Identification of ferroptosis-related genes in ulcerative colitis: a diagnostic model with machine learning

Ann Transl Med. 2023 Feb 28;11(4):177. doi: 10.21037/atm-23-276.

Abstract

Background: Ulcerative colitis (UC) is an idiopathic, chronic disorder characterized by inflammation, injury, and disruption of the colonic mucosa. However, there are still many difficulties in the diagnosis and differential diagnosis of UC. An increasing amount of research has shown a connection between ferroptosis and the etiology of UC. Therefore, our study aimed to identify the key genes related to ferroptosis in UC to provide new ideas for diagnosis UC.
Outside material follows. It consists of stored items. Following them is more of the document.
lemma sum_sqrt_mixture_ge:
  fixes w :: "'h \<Rightarrow> real" and a b :: "'h \<Rightarrow> nat \<Rightarrow> real"
  assumes "finite G" "finite D" "Good \<subseteq> G"
    and "\<And>h. h \<in> G \<Longrightarrow> 0 \<le> w h" "\<And>h i. 0 \<le> a h i" "\<And>h i. 0 \<le> b h i"
    and "c \<le> (\<Sum>h\<in>Good. w h)" "0 < s"
    and "\<And>h. h \<in> Good \<Longrightarrow> \<exists>i\<in>D. 1 / s \<le> a h i * b h i"
  shows "c / sqrt s \<le> (\<Sum>i\<in>D. sqrt ((\<Sum>h\<in>G. w h * a h i) * (\<Sum>h\<in>G. w h * b h i)))"
proof -
  have sqrt_ge: "1 / sqrt s \<le> (\<Sum>i\<in>D. sqrt (a h i * b h i))" if "h \<in> Good" for h
  proof -
    obtain i where i: "i \<in> D" "1 / s \<le> a h i * b h i" using assms(9) \<open>h \<in> Good\<close> by blast
    have "1 / sqrt s = sqrt (1 / s)" by (simp add: real_sqrt_divide)
    also have "\<dots> \<le> sqrt (a h i * b h i)" using i(2) by simp
    also have "\<dots> \<le> (\<Sum>i\<in>D. sqrt (a h i * b h i))"
      using i(1) assms(2,5,6) by (intro member_le_sum) auto
    finally show ?thesis .
  qed
  have "c / sqrt s \<le> (\<Sum>h\<in>Good. w h) / sqrt s"
    using assms(7,8) by (simp add: divide_right_mono)
  also have "\<dots> = (\<Sum>h\<in>Good. w h * (1 / sqrt s))" by (simp add: sum_divide_distrib)
  also have "\<dots> \<le> (\<Sum>h\<in>Good. w h * (\<Sum>i\<in>D. sqrt (a h i * b h i)))"
    using assms(3,4) sqrt_ge by (intro sum_mono mult_left_mono) auto
  also have "\<dots> \<le> (\<Sum>h\<in>G. w h * (\<Sum>i\<in>D. sqrt (a h i * b h i)))"
    using assms(1,3,4,5,6) by (intro sum_mono2) (auto intro!: sum_nonneg mult_nonneg_nonneg)
  also have "\<dots> = (\<Sum>i\<in>D. \<Sum>h\<in>G. w h * sqrt (a h i * b h i))"
    by (simp add: sum_distrib_left sum.swap[of _ G D])
  also have "\<dots> \<le> (\<Sum>i\<in>D. sqrt ((\<Sum>h\<in>G. w h * a h i) * (\<Sum>h\<in>G. w h * b h i)))"
    using assms(4,5,6) by (intro sum_mono sum_weighted_sqrt_le) auto
  finally show ?thesis .
qed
Methods: Gene expression profiles of normal and UC samples were extracted from the Gene Expression Omnibus (GEO) database. By combining differentially expressed genes (DEGs), Weighted correlation network analysis (WGCNA) genes, and ferroptosis-related genes, hub genes were identified and then screened using Lasso regression. Based on the key genes, gene ontology (GO) and gene set enrichment analysis (GSEA) analyses were performed. We used NaiveBeyas, Logistic, IBk, and RandomForest algorithms to build a disease diagnosis model using the hub genes. The model was validated using GSE87473 as the validation set.
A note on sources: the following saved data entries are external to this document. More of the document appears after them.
lemma exists_nonconstant_fdc_path:
  assumes M: "lorentzian_manifold A G Tf"
  shows "\<exists>I \<mu> a b. open I \<and> fdc_path A G Tf I \<mu> \<and> a \<in> I \<and> b \<in> I \<and> \<mu> a \<noteq> \<mu> b"
proof -
  fix x0
  have atlas: "smooth_atlas A"
    using M unfolding lorentzian_manifold_def by simp
  then have "x0 \<in> (\<Union>c\<in>A. fst c)"
    unfolding smooth_atlas_def by simp
  then obtain U \<phi> where chart: "(U, \<phi>) \<in> A" and "x0 \<in> U"
    by auto
  define \<psi> where "\<psi> = inv_into U \<phi>"
  define p where "p = \<phi> x0"
  define v where "v = Tf \<phi> x0"
  have open_chart: "open (\<phi> ` U)"
    using atlas chart unfolding smooth_atlas_def by auto
  have "\<psi> p = x0"
    using \<open>x0 \<in> U\<close> atlas chart unfolding smooth_atlas_def homeomorphism_def \<psi>_def p_def by blast
  have "smooth_on (\<phi> ` U) (\<lambda>y. G \<phi> (\<psi> y))" and orientation: "continuous_on (\<phi> ` U) (\<lambda>y. Tf \<phi> (\<psi> y))"
    and timelike_field: "\<forall>x\<in>U. bil (G \<phi> x) (Tf \<phi> x) (Tf \<phi> x) < 0"
    using M chart unfolding lorentzian_manifold_def \<psi>_def by auto
  then have metric: "continuous_on (\<phi> ` U) (\<lambda>y. G \<phi> (\<psi> y))"
    unfolding smooth_on_def by (metis Ck.simps(1))
  have timelike: "bil (G \<phi> x0) v v < 0"
    using timelike_field \<open>x0 \<in> U\<close> by (simp add: v_def)
  then have "v \<noteq> 0"
    by (auto simp: bil_def)
  define F where "F y = max (bil (G \<phi> (\<psi> y)) v v) (bil (G \<phi> (\<psi> y)) v (Tf \<phi> (\<psi> y)))" for y
  have "continuous_on (\<phi> ` U) F"
    unfolding F_def by (intro continuous_intros metric orientation)
  then have "open (\<phi> ` U \<inter> F -` {..<0})"
    using continuous_open_preimage open_chart open_lessThan by blast
  moreover have "p \<in> \<phi> ` U \<inter> F -` {..<0}"
    using \<open>x0 \<in> U\<close> \<open>\<psi> p = x0\<close> timelike timelike_field
    unfolding F_def p_def v_def by auto
  ultimately obtain r where "r > 0" and ball: "ball p r \<subseteq> \<phi> ` U \<inter> F -` {..<0}"
    using openE by blast
  define e where "e = r / norm v"
  have "e > 0"
    using \<open>r > 0\<close> \<open>v \<noteq> 0\<close> by (simp add: e_def)
  have on_line: "p + t *\<^sub>R v \<in> \<phi> ` U \<inter> F -` {..<0}" if "t \<in> {-e<..<e}" for t
  proof -
    have "\<bar>t\<bar> < e"
      using that by auto
    then have "\<bar>t\<bar> * norm v < r"
      using \<open>v \<noteq> 0\<close> by (simp add: e_def pos_less_divide_eq)
    then have "p + t *\<^sub>R v \<in> ball p r"
      by (simp add: dist_norm)
    then show ?thesis
      using ball by blast
  qed
  then have on_chart: "p + t *\<^sub>R v \<in> \<phi> ` U"
    and causal: "bil (G \<phi> (\<psi> (p + t *\<^sub>R v))) v v \<le> 0 \<and>
      bil (G \<phi> (\<psi> (p + t *\<^sub>R v))) v (Tf \<phi> (\<psi> (p + t *\<^sub>R v))) < 0"
    if "t \<in> {-e<..<e}" for t
    using on_line[OF that] by (simp_all add: F_def)
  have path: "fdc_path A G Tf {-e<..<e} (\<lambda>t. \<psi> (p + t *\<^sub>R v))"
    by (rule fdc_path_coordinate_line[OF chart _ \<open>v \<noteq> 0\<close>, folded \<psi>_def])
       (use \<open>e > 0\<close> on_chart causal in auto)
  have "\<psi> (p + 0 *\<^sub>R v) \<noteq> \<psi> (p + (e/2) *\<^sub>R v)"
    using on_line[of 0] on_line[of "e/2"] \<open>e > 0\<close> \<open>v \<noteq> 0\<close>
    by (auto simp: \<psi>_def dest!: arg_cong[where f = \<phi>] simp: f_inv_into_f)
  then show ?thesis
    using path \<open>e > 0\<close>
    by (intro exI[of _ "{-e<..<e}"] exI[of _ "\<lambda>t. \<psi> (p + t *\<^sub>R v)"] exI[of _ 0] exI[of _ "e/2"]) auto
qed

lemma reparam_refl: "is_interval I \<Longrightarrow> open I \<Longrightarrow> reparam I \<mu> I \<mu>"
  unfolding reparam_def
  by (intro conjI exI[of _ id] smooth_on_affine[of _ _ 0 1])
     (auto intro!: exI[of _ 1] derivative_eq_intros simp: id_def bij_betw_def)

lemma curve_of_open_path_in_cId:
  assumes "fdc_path A G Tf I \<mu>" "open I" "t \<in> I"
  shows "{(K, \<nu>). reparam I \<mu> K \<nu>} \<in> cId A G Tf {\<mu> t}"
proof -
  have "reparam I \<mu> I \<mu>"
    using assms reparam_refl unfolding fdc_path_def by blast
  then show ?thesis
    using assms unfolding cId_def curves_through_def fdc_curves_def
    by (intro CollectI conjI bexI[of _ "(I, \<mu>)"]) auto
qed

lemma exists_curve_through_two_points:
  assumes "lorentzian_manifold A G Tf"
  shows "\<exists>c x y. x \<noteq> y \<and> c \<in> cId A G Tf {x} \<and> c \<in> cId A G Tf {y}"
  using exists_nonconstant_fdc_path[OF assms] curve_of_open_path_in_cId by metis

lemma cId_empty: "cId A G Tf {} = {}"
  unfolding cId_def curves_through_def by auto

lemma is_slice_singleton:
  fixes A :: "('p::t1_space, 'n::finite) chart set"
  shows "is_slice A G Tf {x}"
  unfolding is_slice_def spacelike_def by simp

lemma not_monoidal_intersection:
  assumes "lorentzian_manifold A G Tf" and singletons: "\<And>x. {x} \<in> Ob"
  shows "\<not> (\<exists>I a l r. monoidal_category Ob (cHom A G Tf) cComp (cId A G Tf)
                         (\<lambda>X Y. X \<inter> Y) (\<lambda>S T. S \<inter> T) I a l r)"
proof
  assume "\<exists>I a l r. monoidal_category Ob (cHom A G Tf) cComp (cId A G Tf)
                         (\<lambda>X Y. X \<inter> Y) (\<lambda>S T. S \<inter> T) I a l r"
  then obtain I a l r where "monoidal_category Ob (cHom A G Tf) cComp (cId A G Tf)
                         (\<lambda>X Y. X \<inter> Y) (\<lambda>S T. S \<inter> T) I a l r"
    by blast
  note tensor_ident = monoidal_category_tensor_ident[OF this singletons singletons]
  obtain c x y where "x \<noteq> y" "c \<in> cId A G Tf {x}" "c \<in> cId A G Tf {y}"
    using exists_curve_through_two_points[OF assms(1)] by blast
  then have "c \<in> cId A G Tf ({x} \<inter> {y})"
    using tensor_ident by blast
  then show False
    using \<open>x \<noteq> y\<close> by (simp add: cId_empty)
qed

theorem mainTheorem4:
  fixes A :: "('p::{t2_space, second_countable_topology}, 'n::finite) chart set"
    and G :: "('p \<Rightarrow> real^'n) \<Rightarrow> 'p \<Rightarrow> real^'n^'n"
    and Tf :: "('p \<Rightarrow> real^'n) \<Rightarrow> 'p \<Rightarrow> real^'n"
  assumes "lorentzian_manifold A G Tf"
  shows "\<not> (\<exists>I a l r. monoidal_category (slice_objects A G Tf) (cHom A G Tf) cComp (cId A G Tf)
                         (\<lambda>X Y. X \<inter> Y) (\<lambda>S T. S \<inter> T) I a l r)
       \<and> \<not> (\<exists>I a l r. monoidal_category UNIV (cHom A G Tf) cComp (cId A G Tf)
                         (\<lambda>X Y. X \<inter> Y) (\<lambda>S T. S \<inter> T) I a l r)"
  using not_monoidal_intersection[OF assms, of "slice_objects A G Tf"]
    not_monoidal_intersection[OF assms, of UNIV]
  by (simp add: slice_objects_def is_slice_singleton)

end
Results: Gene expression matrices of GSE87466 and GSE75214 were downloaded from the GEO database, including 184 UC patients and 43 control samples. A total of 699 DEGs were obtained. From FerrDb, 565 genes related to ferroptosis were identified. The 1,513 genes with the highest absolute correlation coefficient value in the MEblue module were obtained from WGCNA analysis. Five hub genes (LCN2, MUC1, PARP8, PLIN2, and TIMP1) were identified using the Lasso regression algorithm based on the overlapped DEGs, WGCNA-identified genes, and ferroptosis-related genes. GO and GSEA analyses revealed that 5 hub genes were identified as being involved in the negative regulation of transcription by competitive promoter binding, cellular response to citrate cycle_tca_cycle, cytosolic_dna_sensing pathway, UV-A, and beta-alanine metabolism. The logistic algorithm's values of the area under the curve (AUC)were 1.000 and 0.995 for training and validation cohorts, and sensitivity is 0.962, specificity is 1.000, respectively, as determined by comparing various methods.

Conclusions: The previously described hub genes were identified as being intimately related to ferroptosis in UC and capable of distinguishing UC patients from controls. By detecting the expression of several genes, this model may aid in diagnosing UC and understanding the etiology and treatment of the disease.

Keywords: Ulcerative colitis; bioinformatic analysis; diagnostic model; ferroptosis.